7. In case you were wondering, there are two couchsurfing hosts in Timbuktu. If I head that way you know I will be trying to stay with one of them. Probably the one that has a camel for their profile picture.
8. If you’re traveling to West Africa, do yourself a favor and leave the MasterCard at home. Holy crap.
9. One of the most amazing feelings in the world is sharing a smile with someone. Some people have asked me why I am taking this trip when it sounds like I’m spending a lot of time puking, shitting fluid, and developing DVT on 33 hour bus trips. I think right now the problem is that my coverage is slanted towards personal catastrophes. My next post on malaria will not help this.
But truthfully, all the bad things that happen are far overmatched by amazing new experiences, the feeling of complete freedom, and the unbelievable warmth and kindness of strangers. At least once a day I find myself sharing a smile with someone I don’t know. Yesterday, I was in a taxi looking out the window at a woman carrying a bowl of peanuts. She turned and looked me in the eye. We both smiled wide and started laughing. This is what often happens when two humans take an honest look at each other. In this case, there is an element of mutual curiosity that makes it even more exciting. This small and simple experience is completely disarming and life-affirming.

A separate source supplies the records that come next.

(* The $R$-algebra $\mathcal H_{n,r}$ is isomorphic to the $R$-algebra with generators $t_1,\ldots,t_n,g_1,\ldots,g_{n-1}$ and defining relations (1) $(t_i-u_1)\cdots(t_i-u_r)=0$ for $1\le i\le n$; (2) $t_it_j=t_jt_i$ for $1\le i,j\le n$; (3) $g_jt_i=t_{s_j(i)}g_j$ for $1\le j\le n-1$, $1\le i\le n$; (4) $g_ig_j=g_jg_i$ for $|i-j|>1$; (5) $g_ig_{i+1}g_i=g_{i+1}g_ig_{i+1}$ for $1\le i\le n-2$; (6) $g_i^2=1+(q-q^{-1})e_ig_i$ for $1\le i\le n-1$, where in the presented algebra $e_i:=\sum_{\mathbf k\in[1,r]^n,\ k_i=k_{i+1}}b_{\mathbf k}$ with $b_{\mathbf k}:=\prod_{i=1}^n\prod_{1\le j\le r,\,j\ne k_i}\frac{t_i-u_j}{u_{k_i}-u_j}$; the isomorphism sends $t_i\mapsto t_i$ and $g_i\mapsto T_i+B'_{i,i+1}$.
   Context: Standing setup: $R$ is an integral domain, $n\ge 1$, $r\ge 1$, and $q,u_1,\ldots,u_r\in R$ with $q$ invertible in $R$ and $\Delta:=\prod_{1\le j<i\le r}(u_i-u_j)$ invertible in $R$. For $1\le c\le r$ let $F_c(X)\in R[X]$ be the unique polynomial of degree $\le r-1$ with $F_c(u_{c'})=\delta_{c,c'}\Delta$ for all $1\le c'\le r$. The modified Ariki–Koike (Shoji) algebra $\mathcal H_{n,r}=\mathcal H_{n,r}(R,q,u_1,\ldots,u_r)$ is the associative $R$-algebra generated by $t_1,\ldots,t_n,T_1,\ldots,T_{n-1}$ subject to: $(T_i-q)(T_i+q^{-1})=0$; $(t_i-u_1)\cdots(t_i-u_r)=0$; $T_iT_{i+1}T_i=T_{i+1}T_iT_{i+1}$; $T_iT_j=T_jT_i$ for $|i-j|\ge2$; $t_it_j=t_jt_i$; $T_jt_k=t_kT_j$ for $k\ne j,j+1$; and for $2\le j\le n$: $T_{j-1}t_j=t_{j-1}T_{j-1}+\Delta^{-2}\sum_{1\le c_1<c_2\le r}(u_{c_2}-u_{c_1})(q-q^{-1})F_{c_1}(t_{j-1})F_{c_2}(t_j)$ and $T_{j-1}t_{j-1}=t_jT_{j-1}-\Delta^{-2}\sum_{1\le c_1<c_2\le r}(u_{c_2}-u_{c_1})(q-q^{-1})F_{c_1}(t_{j-1})F_{c_2}(t_j)$. Write $[1,r]=\{1,\ldots,r\}$ and, in $\mathcal H_{n,r}$, $b_{\mathbf k}:=\prod_{i=1}^n\prod_{1\le j\le r,\,j\ne k_i}\frac{t_i-u_j}{u_{k_i}-u_j}$ for $\mathbf k\in[1,r]^n$ and $B'_{i,j}:=-(q-q^{-1})\sum_{\mathbf k,\ k_i<k_j}b_{\mathbf k}$. $s_j=(j\ j+1)\in\mathfrak S(n)$. *)

theory Defs
  imports "HOL-Library.Poly_Mapping" "HOL-Library.FuncSet" "HOL-Computational_Algebra.Polynomial"
begin

text \<open>Elements of the free algebra on generators of type 'g: finitely supported
  R-linear combinations of words (lists of generators).\<close>

type_synonym ('g, 'a) nc = "'g list \<Rightarrow>\<^sub>0 'a"

definition ncmul :: "('g, 'a::comm_ring_1) nc \<Rightarrow> ('g, 'a) nc \<Rightarrow> ('g, 'a) nc" where
  "ncmul p q = (\<Sum>v\<in>Poly_Mapping.keys p. \<Sum>w\<in>Poly_Mapping.keys q. Poly_Mapping.single (v @ w) (Poly_Mapping.lookup p v * Poly_Mapping.lookup q w))"

definition ncconst :: "'a::comm_ring_1 \<Rightarrow> ('g, 'a) nc" where
  "ncconst c = Poly_Mapping.single [] c"

definition ncword :: "'g list \<Rightarrow> ('g, 'a::comm_ring_1) nc" where
  "ncword w = Poly_Mapping.single w 1"

definition ncgen :: "'g \<Rightarrow> ('g, 'a::comm_ring_1) nc" where
  "ncgen g = ncword [g]"

definition ncprod :: "('g, 'a::comm_ring_1) nc list \<Rightarrow> ('g, 'a) nc" where
  "ncprod xs = foldr ncmul xs (ncconst 1)"

definition ncpow :: "('g, 'a::comm_ring_1) nc \<Rightarrow> nat \<Rightarrow> ('g, 'a) nc" where
  "ncpow x k = ncprod (replicate k x)"

definition ncpoly :: "'a::comm_ring_1 poly \<Rightarrow> ('g, 'a) nc \<Rightarrow> ('g, 'a) nc" where
  "ncpoly p x = (\<Sum>i\<le>degree p. ncmul (ncconst (coeff p i)) (ncpow x i))"

text \<open>The subalgebra of the free algebra spanned by words over the generator set S
  (= the free algebra on S).\<close>
definition fa_on :: "'g set \<Rightarrow> ('g, 'a::zero) nc set" where
  "fa_on S = {x. \<forall>w\<in>Poly_Mapping.keys x. set w \<subseteq> S}"

inductive_set nc_ideal :: "'g set \<Rightarrow> ('g, 'a::comm_ring_1) nc set \<Rightarrow> ('g, 'a) nc set"
  for S :: "'g set" and Rel :: "('g, 'a) nc set" where
  zero: "0 \<in> nc_ideal S Rel"
| add: "x \<in> nc_ideal S Rel \<Longrightarrow> y \<in> nc_ideal S Rel \<Longrightarrow> x + y \<in> nc_ideal S Rel"
| gen: "set v \<subseteq> S \<Longrightarrow> set w \<subseteq> S \<Longrightarrow> \<rho> \<in> Rel \<Longrightarrow>
          ncmul (ncconst c) (ncmul (ncword v) (ncmul \<rho> (ncword w))) \<in> nc_ideal S Rel"

definition nc_subst :: "('g \<Rightarrow> ('h, 'a::comm_ring_1) nc) \<Rightarrow> ('g, 'a) nc \<Rightarrow> ('h, 'a) nc" where
  "nc_subst f p = (\<Sum>w\<in>Poly_Mapping.keys p. ncmul (ncconst (Poly_Mapping.lookup p w)) (ncprod (map f w)))"

definition ring_inv :: "'a::comm_ring_1 \<Rightarrow> 'a" where
  "ring_inv x = (THE y. x * y = 1)"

If you are in search of more rosy content from me, here’s one from the archives: Why it’s Worth it to Stay a While. It also involves smiles with a peanut vendor among other things.

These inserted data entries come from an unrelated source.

lemma proper_coloring_extensional:
  "\<kappa> \<in> proper_colorings G n \<Longrightarrow> \<kappa> \<in> extensional (verts G)"
  by (simp add: proper_colorings_def PiE_def)

lemma proper_coloring_neq:
  "\<kappa> \<in> proper_colorings G n \<Longrightarrow> {a, b} \<in> edges G \<Longrightarrow> a \<noteq> b \<Longrightarrow> \<kappa> a \<noteq> \<kappa> b"
  by (simp add: proper_colorings_def)

lemma proper_coloringsI:
  assumes "\<And>a. a \<in> verts G \<Longrightarrow> \<kappa> a < n" "\<kappa> \<in> extensional (verts G)"
    and "\<And>a b. {a, b} \<in> edges G \<Longrightarrow> a \<noteq> b \<Longrightarrow> \<kappa> a \<noteq> \<kappa> b"
  shows "\<kappa> \<in> proper_colorings G n"
  using assms by (auto simp: proper_colorings_def PiE_iff)

lemma proper_colorings_insert_edge:
  "proper_colorings (V, insert {a, b} E) n = {\<kappa> \<in> proper_colorings (V, E) n. a \<noteq> b \<longrightarrow> \<kappa> a \<noteq> \<kappa> b}"
  unfolding proper_colorings_def by (auto simp: doubleton_eq_iff)

lemma proper_coloring_restrict:
  assumes "\<kappa> \<in> proper_colorings (V, E) n" "V' \<subseteq> V" "E' \<subseteq> E" "\<forall>e\<in>E'. e \<subseteq> V'"
  shows "restrict \<kappa> V' \<in> proper_colorings (V', E') n"
proof (rule proper_coloringsI)
  fix a b assume "{a, b} \<in> edges (V', E')" "a \<noteq> b"
  with assms show "restrict \<kappa> V' a \<noteq> restrict \<kappa> V' b"
    using proper_coloring_neq[OF assms(1)] by auto
qed (use assms proper_coloring_less[OF assms(1)] in auto)

lemma proper_coloring_glue:
  assumes \<kappa>1: "\<kappa>1 \<in> proper_colorings (V1, E1) n" and \<kappa>2: "\<kappa>2 \<in> proper_colorings (V2, E2) n"
    and agree: "\<kappa>1 z = \<kappa>2 z" and int: "V1 \<inter> V2 = {z}"
    and E1: "\<forall>e\<in>E1. e \<subseteq> V1" and E2: "\<forall>e\<in>E2. e \<subseteq> V2"
  shows "(\<lambda>a. if a \<in> V1 then \<kappa>1 a else \<kappa>2 a) \<in> proper_colorings (V1 \<union> V2, E1 \<union> E2) n"
proof (rule proper_coloringsI)
  show "(if a \<in> V1 then \<kappa>1 a else \<kappa>2 a) < n" if "a \<in> verts (V1 \<union> V2, E1 \<union> E2)" for a
    using that proper_coloring_less[OF \<kappa>1] proper_coloring_less[OF \<kappa>2] by auto
  show "(\<lambda>a. if a \<in> V1 then \<kappa>1 a else \<kappa>2 a) \<in> extensional (verts (V1 \<union> V2, E1 \<union> E2))"
    using proper_coloring_extensional[OF \<kappa>2] by (auto simp: extensional_def)
  fix a b assume ab: "{a, b} \<in> edges (V1 \<union> V2, E1 \<union> E2)" "a \<noteq> b"
  then consider "{a, b} \<in> E1" | "{a, b} \<in> E2" "a \<in> V2" "b \<in> V2" using E2 by auto
  then show "(if a \<in> V1 then \<kappa>1 a else \<kappa>2 a) \<noteq> (if b \<in> V1 then \<kappa>1 b else \<kappa>2 b)"
  proof cases
    case 1
    then have "a \<in> V1" "b \<in> V1" using E1 by auto
    then show ?thesis using 1 ab(2) proper_coloring_neq[OF \<kappa>1] by auto
  next
    case 2
    then have "(if a \<in> V1 then \<kappa>1 a else \<kappa>2 a) = \<kappa>2 a" "(if b \<in> V1 then \<kappa>1 b else \<kappa>2 b) = \<kappa>2 b"
      using int agree by auto
    then show ?thesis using 2 ab(2) proper_coloring_neq[OF \<kappa>2] by simp
  qed
qed

lemma bij_betw_proper_colorings_image:
  assumes inj: "inj_on h V" and E: "\<forall>e\<in>E. \<exists>a b. a \<in> V \<and> b \<in> V \<and> e = {a, b}"
  shows "bij_betw (\<lambda>\<kappa>. restrict (\<kappa> \<circ> h) V)
           (proper_colorings (h ` V, (`) h ` E) n) (proper_colorings (V, E) n)"
proof (rule bij_betw_byWitness[where f' = "\<lambda>\<kappa>. restrict (\<kappa> \<circ> inv_into V h) (h ` V)"])
  show "\<forall>\<kappa>\<in>proper_colorings (h ` V, (`) h ` E) n.
          restrict (restrict (\<kappa> \<circ> h) V \<circ> inv_into V h) (h ` V) = \<kappa>"
    using inj by (force simp: fun_eq_iff extensional_def dest!: proper_coloring_extensional)
  show "\<forall>\<kappa>\<in>proper_colorings (V, E) n. restrict (restrict (\<kappa> \<circ> inv_into V h) (h ` V) \<circ> h) V = \<kappa>"
    using inj by (force simp: fun_eq_iff extensional_def dest!: proper_coloring_extensional)
  show "(\<lambda>\<kappa>. restrict (\<kappa> \<circ> h) V) ` proper_colorings (h ` V, (`) h ` E) n \<subseteq> proper_colorings (V, E) n"
  proof (intro image_subsetI proper_coloringsI)
    fix \<kappa> a b assume \<kappa>: "\<kappa> \<in> proper_colorings (h ` V, (`) h ` E) n"
    show "restrict (\<kappa> \<circ> h) V a < n" if "a \<in> verts (V, E)"
      using that proper_coloring_less[OF \<kappa>] by simp
    assume ab: "{a, b} \<in> edges (V, E)" "a \<noteq> b"
    then have "a \<in> V" "b \<in> V" using E by (fastforce simp: doubleton_eq_iff)+
    moreover have "h ` {a, b} \<in> (`) h ` E" using ab(1) by (intro imageI) simp
    moreover have "h a \<noteq> h b" using ab inj \<open>a \<in> V\<close> \<open>b \<in> V\<close> by (auto dest: inj_onD)
    ultimately show "restrict (\<kappa> \<circ> h) V a \<noteq> restrict (\<kappa> \<circ> h) V b"
      using proper_coloring_neq[OF \<kappa>] by simp
  qed simp
  show "(\<lambda>\<kappa>. restrict (\<kappa> \<circ> inv_into V h) (h ` V)) ` proper_colorings (V, E) n
          \<subseteq> proper_colorings (h ` V, (`) h ` E) n"
  proof (intro image_subsetI proper_coloringsI)
    fix \<kappa> a' b' assume \<kappa>: "\<kappa> \<in> proper_colorings (V, E) n"
    show "restrict (\<kappa> \<circ> inv_into V h) (h ` V) a' < n" if "a' \<in> verts (h ` V, (`) h ` E)"
      using that proper_coloring_less[OF \<kappa>] inj by auto
    assume ab: "{a', b'} \<in> edges (h ` V, (`) h ` E)" "a' \<noteq> b'"
    then obtain a b where ab': "a \<in> V" "b \<in> V" "{a, b} \<in> E" "{a', b'} = {h a, h b}"
      using E by force
    moreover have "a \<noteq> b" using ab(2) ab'(4) by auto
    ultimately have "\<kappa> a \<noteq> \<kappa> b" using proper_coloring_neq[OF \<kappa>] by simp
    moreover from ab'(4) have "a' = h a \<and> b' = h b \<or> a' = h b \<and> b' = h a"
      by (auto simp: doubleton_eq_iff)
    ultimately show "restrict (\<kappa> \<circ> inv_into V h) (h ` V) a' \<noteq> restrict (\<kappa> \<circ> inv_into V h) (h ` V) b'"
      using ab'(1,2) inj by (elim disjE) simp_all
  qed simp
qed

lemma bij_betw_proper_colorings_Un:
  assumes int: "V1 \<inter> V2 = {z}" and E1: "\<forall>e\<in>E1. e \<subseteq> V1" and E2: "\<forall>e\<in>E2. e \<subseteq> V2"
  shows "bij_betw (\<lambda>\<kappa>. (restrict \<kappa> V1, restrict \<kappa> V2)) (proper_colorings (V1 \<union> V2, E1 \<union> E2) n)
           {(\<kappa>1, \<kappa>2) \<in> proper_colorings (V1, E1) n \<times> proper_colorings (V2, E2) n. \<kappa>1 z = \<kappa>2 z}"
proof (rule bij_betw_byWitness[where f' = "\<lambda>(\<kappa>1, \<kappa>2) a. if a \<in> V1 then \<kappa>1 a else \<kappa>2 a"])
  show "\<forall>\<kappa>\<in>proper_colorings (V1 \<union> V2, E1 \<union> E2) n.
          (case (restrict \<kappa> V1, restrict \<kappa> V2) of (\<kappa>1, \<kappa>2) \<Rightarrow> \<lambda>a. if a \<in> V1 then \<kappa>1 a else \<kappa>2 a) = \<kappa>"
    by (force simp: fun_eq_iff extensional_def dest!: proper_coloring_extensional)
  show "\<forall>p\<in>{(\<kappa>1, \<kappa>2) \<in> proper_colorings (V1, E1) n \<times> proper_colorings (V2, E2) n. \<kappa>1 z = \<kappa>2 z}.
          (\<lambda>\<kappa>. (restrict \<kappa> V1, restrict \<kappa> V2))
            (case p of (\<kappa>1, \<kappa>2) \<Rightarrow> \<lambda>a. if a \<in> V1 then \<kappa>1 a else \<kappa>2 a) = p"
    using int by (force simp: fun_eq_iff extensional_def dest!: proper_coloring_extensional)
  show "(\<lambda>\<kappa>. (restrict \<kappa> V1, restrict \<kappa> V2)) ` proper_colorings (V1 \<union> V2, E1 \<union> E2) n
          \<subseteq> {(\<kappa>1, \<kappa>2) \<in> proper_colorings (V1, E1) n \<times> proper_colorings (V2, E2) n. \<kappa>1 z = \<kappa>2 z}"
    using int E1 E2 by (auto intro!: proper_coloring_restrict)
  show "(\<lambda>(\<kappa>1, \<kappa>2) a. if a \<in> V1 then \<kappa>1 a else \<kappa>2 a) `
          {(\<kappa>1, \<kappa>2) \<in> proper_colorings (V1, E1) n \<times> proper_colorings (V2, E2) n. \<kappa>1 z = \<kappa>2 z}
          \<subseteq> proper_colorings (V1 \<union> V2, E1 \<union> E2) n"
    using proper_coloring_glue[OF _ _ _ int E1 E2] by auto
qed

definition weighted_csf :: "'v graph \<Rightarrow> nat \<Rightarrow> ('v \<Rightarrow> nat \<Rightarrow> real) \<Rightarrow> real" where
  "weighted_csf G n f = (\<Sum>\<kappa>\<in>proper_colorings G n. \<Prod>a\<in>verts G. f a (\<kappa> a))"

lemma CSF_eq_weighted_csf: "CSF G n x = weighted_csf G n (\<lambda>_. x)"
  by (simp add: CSF_def weighted_csf_def)

lemma weighted_csf_cong:
  "(\<And>a. a \<in> verts G \<Longrightarrow> f a = f' a) \<Longrightarrow> weighted_csf G n f = weighted_csf G n f'"
  unfolding weighted_csf_def by (intro sum.cong prod.cong refl) auto

lemma weighted_csf_image:
  assumes "inj_on h V" "\<forall>e\<in>E. \<exists>a b. a \<in> V \<and> b \<in> V \<and> e = {a, b}"
  shows "weighted_csf (h ` V, (`) h ` E) n f = weighted_csf (V, E) n (\<lambda>a. f (h a))"
proof -
  have "weighted_csf (h ` V, (`) h ` E) n f
      = (\<Sum>\<kappa>\<in>proper_colorings (h ` V, (`) h ` E) n. \<Prod>a\<in>V. f (h a) (restrict (\<kappa> \<circ> h) V a))"
    unfolding weighted_csf_def using assms(1) by (simp add: prod.reindex)
  also have "\<dots> = weighted_csf (V, E) n (\<lambda>a. f (h a))"
    unfolding weighted_csf_def verts_pair
    by (rule sum.reindex_bij_betw[OF bij_betw_proper_colorings_image[OF assms]])
  finally show ?thesis .
qed

lemma prod_fun_upd_remove:
  assumes "finite V" "z \<in> V"
  shows "(\<Prod>a\<in>V. (f(z := \<phi>)) a (\<kappa> a)) = \<phi> (\<kappa> z) * (\<Prod>a\<in>V - {z}. f a (\<kappa> a))"
  using assms by (simp add: prod.remove)

lemma weighted_csf_fun_upd:
  assumes fin: "finite (verts G)" and u: "u \<in> verts G"
  shows "weighted_csf G n (f(u := \<phi>)) = (\<Sum>c<n. \<phi> c * weighted_csf G n (f(u := indicator {c})))"
proof -
  let ?Q = "\<lambda>\<kappa>. \<Prod>a\<in>verts G - {u}. f a (\<kappa> a)"
  have "(\<Sum>c<n. \<phi> c * weighted_csf G n (f(u := indicator {c})))
      = (\<Sum>c<n. \<Sum>\<kappa>\<in>proper_colorings G n. if \<kappa> u = c then \<phi> c * ?Q \<kappa> else 0)"
    unfolding weighted_csf_def prod_fun_upd_remove[OF fin u] sum_distrib_left
    by (intro sum.cong refl) (simp add: indicator_def)
  also have "\<dots> = (\<Sum>\<kappa>\<in>proper_colorings G n. \<phi> (\<kappa> u) * ?Q \<kappa>)"
    by (subst sum.swap) (simp add: proper_coloring_less[OF _ u])
  also have "\<dots> = weighted_csf G n (f(u := \<phi>))"
    unfolding weighted_csf_def prod_fun_upd_remove[OF fin u] ..
  finally show ?thesis ..
qed

lemma weighted_csf_glue_pinned:
  assumes fin1: "finite V1" and fin2: "finite V2" and int: "V1 \<inter> V2 = {z}"
    and E1: "\<forall>e\<in>E1. e \<subseteq> V1" and E2: "\<forall>e\<in>E2. e \<subseteq> V2"
    and pin: "g z = indicator {c}"
  shows "weighted_csf (V1 \<union> V2, E1 \<union> E2) n g = weighted_csf (V1, E1) n g * weighted_csf (V2, E2) n g"
proof -
  let ?P1 = "proper_colorings (V1, E1) n" and ?P2 = "proper_colorings (V2, E2) n"
  let ?pairs = "{(\<kappa>1, \<kappa>2) \<in> ?P1 \<times> ?P2. \<kappa>1 z = \<kappa>2 z}"
  let ?F = "\<lambda>(\<kappa>1, \<kappa>2). (\<Prod>a\<in>V1. g a (\<kappa>1 a)) * (\<Prod>a\<in>V2 - {z}. g a (\<kappa>2 a))"
  have z: "z \<in> V1" "z \<in> V2" using int by auto
  have fin: "finite ?P1" "finite ?P2" using fin1 fin2 by (auto intro: finite_proper_colorings)
  have "weighted_csf (V1 \<union> V2, E1 \<union> E2) n g
      = (\<Sum>\<kappa>\<in>proper_colorings (V1 \<union> V2, E1 \<union> E2) n. ?F (restrict \<kappa> V1, restrict \<kappa> V2))"
  proof -
    have "V1 \<union> V2 = V1 \<union> (V2 - {z})" "V1 \<inter> (V2 - {z}) = {}" using int by auto
    then have "(\<Prod>a\<in>V1 \<union> V2. g a (\<kappa> a)) = ?F (restrict \<kappa> V1, restrict \<kappa> V2)" for \<kappa>
      using fin1 fin2 by (simp add: prod.union_disjoint)
    then show ?thesis unfolding weighted_csf_def by simp
  qed
  also have "\<dots> = (\<Sum>p\<in>?pairs. ?F p)"
    by (rule sum.reindex_bij_betw[OF bij_betw_proper_colorings_Un[OF int E1 E2]])
  also have "\<dots> = (\<Sum>p\<in>?P1 \<times> ?P2. if fst p z = snd p z then ?F p else 0)"
    unfolding sum.inter_filter[OF finite_cartesian_product[OF fin], symmetric]
    by (rule sum.cong) auto
  also have "\<dots> = (\<Sum>\<kappa>1\<in>?P1. \<Sum>\<kappa>2\<in>?P2. if \<kappa>1 z = \<kappa>2 z then ?F (\<kappa>1, \<kappa>2) else 0)"
    unfolding sum.cartesian_product by (rule sum.cong) auto
  also have "\<dots> = (\<Sum>\<kappa>1\<in>?P1. \<Sum>\<kappa>2\<in>?P2. (\<Prod>a\<in>V1. g a (\<kappa>1 a)) * (\<Prod>a\<in>V2. g a (\<kappa>2 a)))"
  proof (intro sum.cong refl)
    fix \<kappa>1 \<kappa>2
    \<comment> \<open>both products carry the factor \<open>indicator {c}\<close> at \<open>z\<close>, so only pairs agreeing at \<open>z\<close> count\<close>
    have "(\<Prod>a\<in>V1. g a (\<kappa>1 a)) = indicator {c} (\<kappa>1 z) * (\<Prod>a\<in>V1 - {z}. g a (\<kappa>1 a))"
         "(\<Prod>a\<in>V2. g a (\<kappa>2 a)) = indicator {c} (\<kappa>2 z) * (\<Prod>a\<in>V2 - {z}. g a (\<kappa>2 a))"
      by (simp_all add: prod.remove[OF fin1 z(1)] prod.remove[OF fin2 z(2)] pin)
    then show "(if \<kappa>1 z = \<kappa>2 z then ?F (\<kappa>1, \<kappa>2) else 0) = (\<Prod>a\<in>V1. g a (\<kappa>1 a)) * (\<Prod>a\<in>V2. g a (\<kappa>2 a))"
      by (simp add: indicator_def)
  qed
  also have "\<dots> = weighted_csf (V1, E1) n g * weighted_csf (V2, E2) n g"
    unfolding weighted_csf_def by (simp add: sum_product)
  finally show ?thesis .
qed

lemma weighted_csf_glue:
  assumes fin1: "finite V1" and fin2: "finite V2" and int: "V1 \<inter> V2 = {z}"
    and E1: "\<forall>e\<in>E1. e \<subseteq> V1" and E2: "\<forall>e\<in>E2. e \<subseteq> V2"
  shows "weighted_csf (V1 \<union> V2, E1 \<union> E2) n f =
    (\<Sum>c<n. f z c * weighted_csf (V1, E1) n (f(z := indicator {c}))
                 * weighted_csf (V2, E2) n (f(z := indicator {c})))"
proof -
  have "z \<in> verts (V1 \<union> V2, E1 \<union> E2)" "finite (verts (V1 \<union> V2, E1 \<union> E2))"
    using int fin1 fin2 by auto
  from weighted_csf_fun_upd[OF this(2,1), of n f "f z"]
  show ?thesis
    by (simp add: weighted_csf_glue_pinned[OF assms] mult.assoc)
qed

Lastly, there is going to be some big things going on here in the next few weeks. I am talking about Camel Drawing. Right now I am staying at a hostel called the sleeping camel and I may very well couchsurf with someone in Timbuktu who has a camel as their profile picture. For now, here is some camel drawing with my beloved couchsurfing hosts in Abidjan:
Till Next time…
I am DYING to get to Mali!!! I’m so jealous. I wish you the best time. 🙂
Andi, Mali would love to have you!! After you finish your Barcelona adventures, head south!